For quite a bit of the previous 100 years voting was restricted to property owners, and so the inter-war period it was a bit down to inertia in the rural constituencies, and a bit down to property based social engineering already:
«John Ramsden has described, in an essay published by the Conservative Political Centre in 1997, the climate of opinion which developed at this time: “It was indeed at the diffusion of property that inter-war Tories aimed, as the pragmatic answer to the arrival of democracy and the challenge from Labour. There were even prophetic council house sales by local Tories in the drive to create voters with a Conservative political mentality. As a Tory councillor in Leeds defiantly told Labour opponents in 1926, ‘it is a good thing for people to buy their own houses. They turn Tory directly. We shall go on making Tories and you will be wiped out.’ There is much of the Party history of the twentieth century in that remark.”»

Regardless what matters a lot is "one button issue" constituencies, that is large blocks of voters whose depends critically on one issue, because they have a disproportionate influence in electoral politics. The two largest such blocks are "southern property prices" and "women's welfare". While people who rent and male voters are more fragmented. Politicians know that by pandering to southern owners and women they can switch large blocks of votes (also because a majority of owners are women, by way of divorce and inheritance as well as purchase...).

Anonymous said...

Amen. I much prefer to read your blog on a Sunday. The Observer is worse than the guardian, which itself isn't what I recall it being.

Anonymous said...

Heh. I guess you went into sociology to help you make sense of the world, but sociology is notoriously full of nonsense too, as you are well aware. It may well be that your predictions re the new kinds of labour, etc, etc, have merit but, judging from the many blog posts of yours I have read, your analysis appears to ignore inconvenient trends, contexts and characteristics. A certain form of conservatism may be doomed - but that does not mean it will not be replaced by something even worse.

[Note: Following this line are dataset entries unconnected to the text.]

(* Let $K>1$ be an integer, $N=2K+1$, $Z\in(0,\infty)$ and $\sigma\in\{+1,-1\}$. Define the sequence $(f_k(Z))_{k\in\mathbb{Z}}$ by $f_0(Z)=1$, $f_1(Z)=1+Z$ and $f_{k+2}(Z)=(2+Z)f_{k+1}(Z)-f_k(Z)$ for all $k\in\mathbb{Z}$, and set $\lambda_k(Z)=f_{K-k}(Z)$. Let $$d(Z)=\sum_{k=0}^N\binom{N}{k}\lambda_k(Z)\ket{D_N^k}\bra{D_N^k},\qquad o(\sigma)=\sigma\left(\ket{D_N^0}\bra{D_N^N}+\ket{D_N^N}\bra{D_N^0}\right),$$ and $\rho(Z)=\dfrac{d(Z)+o(\sigma)}{2(4+Z)^K}$. Then the $N$-qubit symmetric state $\rho(Z)$ is PPT with respect to every bipartition; the ranks of $\rho(Z),\rho(Z)^{\Gamma_1},\dots,\rho(Z)^{\Gamma_K}$ are $N+1,2N,\dots,2N,2N-1$ respectively; and $\rho(Z)$ is an extreme point of the set of $N$-qubit states that are PPT with respect to every bipartition (in particular, $\rho(Z)$ is entangled, i.e. not fully separable).
   Context: For $N$ qubits with computational basis $\{\ket0,\ket1\}$, the Dicke state $\ket{D_N^k}$ ($0\le k\le N$) is the normalized equal superposition of all computational basis vectors of $(\mathbb{C}^2)^{\otimes N}$ with exactly $k$ qubits in $\ket1$. For $0\le m\le N$, $\rho^{\Gamma_m}$ denotes the partial transpose (in the computational basis) of $\rho$ with respect to a set of $m$ of the qubits (for a permutation-symmetric state this does not depend on which $m$ qubits). A state is PPT with respect to every bipartition if its partial transpose with respect to every subset of qubits is positive semidefinite. A state is fully separable if it is a convex combination of product states $\rho^{(1)}\otimes\cdots\otimes\rho^{(N)}$; it is entangled otherwise. *)

theory Defs
  imports Complex_Main "Jordan_Normal_Form.Matrix" "Jordan_Normal_Form.DL_Rank"
begin

text \<open>N-qubit operators are complex (2^N x 2^N) matrices. The computational basis vector
  with index i < 2^N has qubit q (q < N) in state (i div 2^q) mod 2.\<close>

definition qbit :: "nat \<Rightarrow> nat \<Rightarrow> nat" where
  "qbit i q = (i div 2 ^ q) mod 2"

definition num_ones :: "nat \<Rightarrow> nat \<Rightarrow> nat" where
  "num_ones N i = (\<Sum>q<N. qbit i q)"

definition dicke :: "nat \<Rightarrow> nat \<Rightarrow> complex vec" where
  "dicke N k = vec (2 ^ N) (\<lambda>i. if num_ones N i = k then complex_of_real (1 / sqrt (real (N choose k))) else 0)"

definition ketbra :: "complex vec \<Rightarrow> complex vec \<Rightarrow> complex mat" where
  "ketbra u v = mat (dim_vec u) (dim_vec v) (\<lambda>(i, j). u $ i * cnj (v $ j))"

definition msum :: "nat \<Rightarrow> ('b \<Rightarrow> complex mat) \<Rightarrow> 'b set \<Rightarrow> complex mat" where
  "msum n f I = mat n n (\<lambda>(i, j). \<Sum>x\<in>I. f x $$ (i, j))"

definition psd :: "nat \<Rightarrow> complex mat \<Rightarrow> bool" where
  "psd n A \<longleftrightarrow> A \<in> carrier_mat n n \<and>
     (\<forall>v\<in>carrier_vec n. Im ((A *\<^sub>v v) \<bullet>c v) = 0 \<and> Re ((A *\<^sub>v v) \<bullet>c v) \<ge> 0)"

definition mtrace :: "complex mat \<Rightarrow> complex" where
  "mtrace A = (\<Sum>i<dim_row A. A $$ (i, i))"

definition density :: "nat \<Rightarrow> complex mat \<Rightarrow> bool" where
  "density n A \<longleftrightarrow> psd n A \<and> mtrace A = 1"

definition pt_index :: "nat \<Rightarrow> nat set \<Rightarrow> nat \<Rightarrow> nat \<Rightarrow> nat" where
  "pt_index N M i j = (\<Sum>q<N. 2 ^ q * (if q \<in> M then qbit j q else qbit i q))"

definition ptrans :: "nat \<Rightarrow> nat set \<Rightarrow> complex mat \<Rightarrow> complex mat" where
  "ptrans N M A = mat (2 ^ N) (2 ^ N) (\<lambda>(i, j). A $$ (pt_index N M i j, pt_index N M j i))"

definition ppt_all :: "nat \<Rightarrow> complex mat \<Rightarrow> bool" where
  "ppt_all N A \<longleftrightarrow> (\<forall>M. M \<subseteq> {..<N} \<longrightarrow> psd (2 ^ N) (ptrans N M A))"

definition ppt_states :: "nat \<Rightarrow> complex mat set" where
  "ppt_states N = {A. density (2 ^ N) A \<and> ppt_all N A}"

definition extreme_point_mat :: "complex mat \<Rightarrow> complex mat set \<Rightarrow> bool" where
  "extreme_point_mat x S \<longleftrightarrow> x \<in> S \<and>
     (\<forall>a\<in>S. \<forall>b\<in>S. \<forall>t::real. 0 < t \<and> t < 1 \<and>
        x = complex_of_real t \<cdot>\<^sub>m a + complex_of_real (1 - t) \<cdot>\<^sub>m b \<longrightarrow> a = b)"

definition tensor_qubits :: "nat \<Rightarrow> (nat \<Rightarrow> complex mat) \<Rightarrow> complex mat" where
  "tensor_qubits N r = mat (2 ^ N) (2 ^ N) (\<lambda>(i, j). \<Prod>q<N. r q $$ (qbit i q, qbit j q))"
(* Let $q\ge8$ be even. For $\mu\in\mathbb{F}_q$ let $\ell_\mu$ be the line through $\mathbf{P}(0,\mu,0,1)$ and $\mathbf{P}(1,0,1,0)$, and let $L_c$ be the line through $\mathbf{P}(1,0,0,1)$ and $\mathbf{P}(0,0,1,0)$. Then for any $\mu',\mu''\in\mathbb{F}_q\setminus\{0,1\}$ with $\mu'\ne\mu''$, the lines $\ell_{\mu'}$ and $\ell_{\mu''}$ lie in different orbits of $G_q$. Moreover, no line $\ell_\mu$ with $\mu\in\mathbb{F}_q\setminus\{0,1\}$ lies in the $G_q$-orbit of $L_c$.
   Context: Points of $\mathrm{PG}(3,q)$ are written $\mathbf{P}(x_0,x_1,x_2,x_3)$ in homogeneous coordinates over the field $\mathbb{F}_q$. The twisted cubic is $\mathscr{C}=\{\mathbf{P}(t^3,t^2,t,1):t\in\mathbb{F}_q\}\cup\{\mathbf{P}(1,0,0,0)\}$ and $G_q$ is the group of projectivities of $\mathrm{PG}(3,q)$ fixing $\mathscr{C}$ (for $q\ge5$, $G_q\cong\mathrm{PGL}(2,q)$). Two lines lie in the same orbit if some element of $G_q$ maps one onto the other. *)

theory Defs
  imports "HOL-Analysis.Analysis"
begin

text \<open>Projective space PG(3,q) over a finite field 'a: vectors in 'a^4 (coordinates
  x0,x1,x2,x3 are the components 1,2,3,4), a point is the set of nonzero scalar
  multiples of a nonzero vector.\<close>

definition pg_point :: "'a::field ^ 4 \<Rightarrow> ('a ^ 4) set" where
  "pg_point v = {c *s v | c. c \<noteq> 0}"

definition pt4 :: "'a::field \<Rightarrow> 'a \<Rightarrow> 'a \<Rightarrow> 'a \<Rightarrow> ('a ^ 4) set" where
  "pt4 x0 x1 x2 x3 = pg_point (vector [x0, x1, x2, x3])"

definition pg_line :: "'a::field ^ 4 \<Rightarrow> 'a ^ 4 \<Rightarrow> ('a ^ 4) set set" where
  "pg_line u w = {pg_point (a *s u + b *s w) | a b. a *s u + b *s w \<noteq> 0}"

definition twisted_cubic :: "('a::field ^ 4) set set" where
  "twisted_cubic = {pt4 (t^3) (t^2) t 1 | t. True} \<union> {pt4 1 0 0 0}"

definition proj_map :: "'a::field ^ 4 ^ 4 \<Rightarrow> ('a ^ 4) set \<Rightarrow> ('a ^ 4) set" where
  "proj_map A P = (\<lambda>v. A *v v) ` P"

definition Gq :: "('a::field ^ 4 ^ 4) set" where
  "Gq = {A. invertible A \<and> proj_map A ` (twisted_cubic :: ('a ^ 4) set set) = twisted_cubic}"

definition same_orbit :: "('a::field ^ 4) set set \<Rightarrow> ('a ^ 4) set set \<Rightarrow> bool" where
  "same_orbit L1 L2 \<longleftrightarrow> (\<exists>A \<in> Gq. proj_map A ` L1 = L2)"

definition ell :: "'a::field \<Rightarrow> ('a ^ 4) set set" where
  "ell \<mu> = pg_line (vector [0, \<mu>, 0, 1]) (vector [1, 0, 1, 0])"

definition Lc :: "('a::field ^ 4) set set" where
  "Lc = pg_line (vector [1, 0, 0, 1]) (vector [0, 0, 1, 0])"

end

theory Submission
  imports Defs "HOL-Computational_Algebra.Polynomial"
begin

(*
  Write z = (z1, z2, z3, z4) as the 2x2 matrix Z = [[z1, z2], [z3, z4]]. The cone over the
  twisted cubic consists of the matrices (x^2, y^2)^T (x, y), and for q >= 7 every element of
  G_q acts, up to a scalar, by the matrix cubic_matrix a b c d induced by some invertible
  M = [[a, b], [c, d]]; this is shown by normalising so that P(1,0,0,0) and P(0,0,0,1) are fixed
  and comparing coefficients of polynomials of degree 6 in the curve parameter.

  In characteristic 2 this action is Z |-> M' Z M^T, where M' squares the entries of M. So the
  linear forms (u^2, v^2) Z (s, t)^T are permuted among themselves, and on a point of rank one
  they factor as a square times a linear factor. As squaring is onto, mu = r^2, and the lines
  ell mu and Lc are cut out by two such forms. Evaluating at two points of a line gives four
  conditions of the shape "entry of M = 0 or linear relation", and a case analysis using
  det M <> 0 shows that they force mu' = mu'' for the lines ell, and cannot all hold when the
  source line is Lc.
*)

lemma vector_4 [simp]:
  "(vector [x, y, z, w] :: 'a::zero^4) $ 1 = x"
  "(vector [x, y, z, w] :: 'a::zero^4) $ 2 = y"
  "(vector [x, y, z, w] :: 'a::zero^4) $ 3 = z"
  "(vector [x, y, z, w] :: 'a::zero^4) $ 4 = w"
  unfolding vector_def by simp_all

lemma vec_eq_iff_4: "(v :: 'a^4) = w \<longleftrightarrow> v$1 = w$1 \<and> v$2 = w$2 \<and> v$3 = w$3 \<and> v$4 = w$4"
  by (auto simp: vec_eq_iff forall_4)

lemma matrix_vector_mult_4:
  "(A :: 'a::semiring_1^4^4) *v v =
     vector [A$1$1 * v$1 + A$1$2 * v$2 + A$1$3 * v$3 + A$1$4 * v$4,
             A$2$1 * v$1 + A$2$2 * v$2 + A$2$3 * v$3 + A$2$4 * v$4,
             A$3$1 * v$1 + A$3$2 * v$2 + A$3$3 * v$3 + A$3$4 * v$4,
             A$4$1 * v$1 + A$4$2 * v$2 + A$4$3 * v$3 + A$4$4 * v$4]"
  by (simp add: vec_eq_iff_4 matrix_vector_mult_def sum_4)

lemma pg_point_smult:
  assumes "c \<noteq> 0" shows "pg_point (c *s v) = pg_point (v :: 'a::field^4)"
proof
  show "pg_point (c *s v) \<subseteq> pg_point v"
  proof
    fix z assume "z \<in> pg_point (c *s v)"
    then obtain d where "d \<noteq> 0" "z = (d * c) *s v"
      unfolding pg_point_def by (auto simp: vector_smult_assoc)
    with assms show "z \<in> pg_point v" unfolding pg_point_def by auto
  qed
  show "pg_point v \<subseteq> pg_point (c *s v)"
  proof
    fix z assume "z \<in> pg_point v"
    then obtain d where "d \<noteq> 0" "z = d *s v" unfolding pg_point_def by auto
    with assms have "z = (d / c) *s (c *s v)" "d / c \<noteq> 0" by (simp_all add: vector_smult_assoc)
    then show "z \<in> pg_point (c *s v)" unfolding pg_point_def by blast
  qed
qed

lemma pg_point_self: "v \<in> pg_point v"
  unfolding pg_point_def by (intro CollectI exI[of _ 1]) simp

lemma pg_point_eq_imp_smult: "pg_point v = pg_point w \<Longrightarrow> \<exists>c. c \<noteq> 0 \<and> w = c *s v"
  using pg_point_self[of w] unfolding pg_point_def by auto

lemma proj_map_pg_point: "proj_map A (pg_point v) = pg_point (A *v v)"
  unfolding proj_map_def pg_point_def
  by (auto simp: vector_scalar_commute intro!: image_eqI)

lemma pg_point_in_pg_line:
  assumes "u \<noteq> 0" "w \<noteq> 0"
  shows "pg_point u \<in> pg_line u w" "pg_point w \<in> pg_line u w"
proof -
  have "1 *s u + 0 *s w = u" "0 *s u + 1 *s w = w" by (simp_all add: vec_eq_iff)
  with assms show "pg_point u \<in> pg_line u w" "pg_point w \<in> pg_line u w"
    unfolding pg_line_def by (metis (mono_tags, lifting) CollectI)+
qed

section \<open>The twisted cubic and its cone\<close>

definition cubic_vec :: "'a::field \<Rightarrow> 'a \<Rightarrow> 'a^4" where
  "cubic_vec x y = vector [x^3, x^2 * y, x * y^2, y^3]"

definition on_cubic_cone :: "'a::field^4 \<Rightarrow> bool" where
  "on_cubic_cone v \<longleftrightarrow> (v$2)^2 = v$1 * v$3 \<and> (v$3)^2 = v$2 * v$4 \<and> v$1 * v$4 = v$2 * v$3"

lemma cubic_vec_eq_0_iff [simp]: "cubic_vec x y = 0 \<longleftrightarrow> x = 0 \<and> y = 0"
  by (auto simp: cubic_vec_def vec_eq_iff_4)

lemma on_cubic_cone_iff: "on_cubic_cone v \<longleftrightarrow> (\<exists>k x y. v = k *s cubic_vec x y)"
proof
  assume cone: "on_cubic_cone v"
  show "\<exists>k x y. v = k *s cubic_vec x y"
  proof (cases "v$4 = 0")
    case True
    with cone have "v$3 = 0" by (simp add: on_cubic_cone_def)
    with cone have "v$2 = 0" by (simp add: on_cubic_cone_def)
    with True \<open>v$3 = 0\<close> have "v = v$1 *s cubic_vec 1 0" by (simp add: vec_eq_iff_4 cubic_vec_def)
    then show ?thesis by blast
  next
    case False
    from cone have 2: "v$2 * v$4 = (v$3)^2" and 1: "v$1 * v$4 = v$2 * v$3"
      by (simp_all add: on_cubic_cone_def)
    have "v$1 * (v$4)^2 = (v$2 * v$4) * v$3"
      by (simp add: power2_eq_square 1 flip: mult.assoc)
    with 2 have "v$1 * (v$4)^2 = (v$3)^3" by (simp add: power2_eq_square power3_eq_cube)
    with 2 False have "v = v$4 *s cubic_vec (v$3 / v$4) 1"
      by (simp add: vec_eq_iff_4 cubic_vec_def field_simps power2_eq_square power3_eq_cube)
    then show ?thesis by blast
  qed
next
  assume "\<exists>k x y. v = k *s cubic_vec x y"
  then show "on_cubic_cone v"
    by (auto simp: on_cubic_cone_def cubic_vec_def power2_eq_square power3_eq_cube)
qed

lemma twisted_cubic_iff:
  "P \<in> twisted_cubic \<longleftrightarrow> (\<exists>v. v \<noteq> 0 \<and> on_cubic_cone v \<and> P = pg_point v)"
proof
  assume "P \<in> twisted_cubic"
  then obtain x y :: 'a where "P = pg_point (cubic_vec x y)" "cubic_vec x y \<noteq> 0"
  proof (unfold twisted_cubic_def pt4_def, elim UnE CollectE exE conjE singletonE)
    fix t assume "P = pg_point (vector [t^3, t^2, t, 1])"
    then show thesis using that[of t 1] by (simp add: cubic_vec_def vec_eq_iff_4)
  next
    assume "P = pg_point (vector [1, 0, 0, 0])"
    then show thesis using that[of 1 0] by (simp add: cubic_vec_def vec_eq_iff_4)
  qed
  then show "\<exists>v. v \<noteq> 0 \<and> on_cubic_cone v \<and> P = pg_point v"
    using on_cubic_cone_iff[of "cubic_vec x y"] by (metis vector_smult_lid)
next
  assume "\<exists>v. v \<noteq> 0 \<and> on_cubic_cone v \<and> P = pg_point v"
  then obtain k x y where P: "P = pg_point (k *s cubic_vec x y)" and "k \<noteq> 0" "x \<noteq> 0 \<or> y \<noteq> 0"
    by (auto simp: on_cubic_cone_iff)
  show "P \<in> twisted_cubic"
  proof (cases "y = 0")
    case True
    with \<open>x \<noteq> 0 \<or> y \<noteq> 0\<close> have "k *s cubic_vec x y = (k * x^3) *s vector [1, 0, 0, 0]"
      by (simp add: cubic_vec_def vec_eq_iff_4)
    with True \<open>k \<noteq> 0\<close> \<open>x \<noteq> 0 \<or> y \<noteq> 0\<close> show ?thesis
      unfolding P twisted_cubic_def pt4_def by (simp add: pg_point_smult)
  next
    case False
    then have "k *s cubic_vec x y = (k * y^3) *s vector [(x/y)^3, (x/y)^2, x/y, 1]"
      by (simp add: cubic_vec_def vec_eq_iff_4 field_simps power2_eq_square power3_eq_cube)
    with False \<open>k \<noteq> 0\<close> show ?thesis
      unfolding P twisted_cubic_def pt4_def by (auto simp: pg_point_smult)
  qed
qed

It may be comforting to believe the collapse of the right is inevitable, but Christians say the same thing about the Kingdom of Heaven. And like any religion, you have a great get-out clause.

But you're probably right - you're too canny to speak of landslides but substitute 'left-wing landslide' for your feverish talk of 'Corbyn insurgency', and it amounts to the same thing.

I've always appreciated and admired the effort you put into this blog, and find much of what you say illuminating. The Left is a broad church and the struggle for 'progress' is a journey, not a destination (see Lenin, Stalin, Pol Pot, Mao).

Sociology has its place but it is not a panacea. The Bard made an astute dig at the scientists of his own age: There are more things in heaven and Earth, Horatio, Than are dreamt of in your philosophy

Life IS bewildering, that's the secret of it, which is why philosophy didn't end at Hegel and science didn't end with Newton. Circumspection is advised.

Phil said...

Indeed, a certain form of conservatism is doomed and another one will come along eventually. But it will do so on a certain material basis, and different to the one the Conservative Party currently depends on and is, despite itself, progressively narrowing.

As for the Corbyn insurgency, this was a real thing. It actually existed. Which is why it's right and proper to talk about it.

The social world is complex and is bedevilled with tendencies and counter tendencies, which is what this blog analyses and makes sense of. The mono-mechanical predictions you accuse this place of peddling are entirely artefacts of your imagination.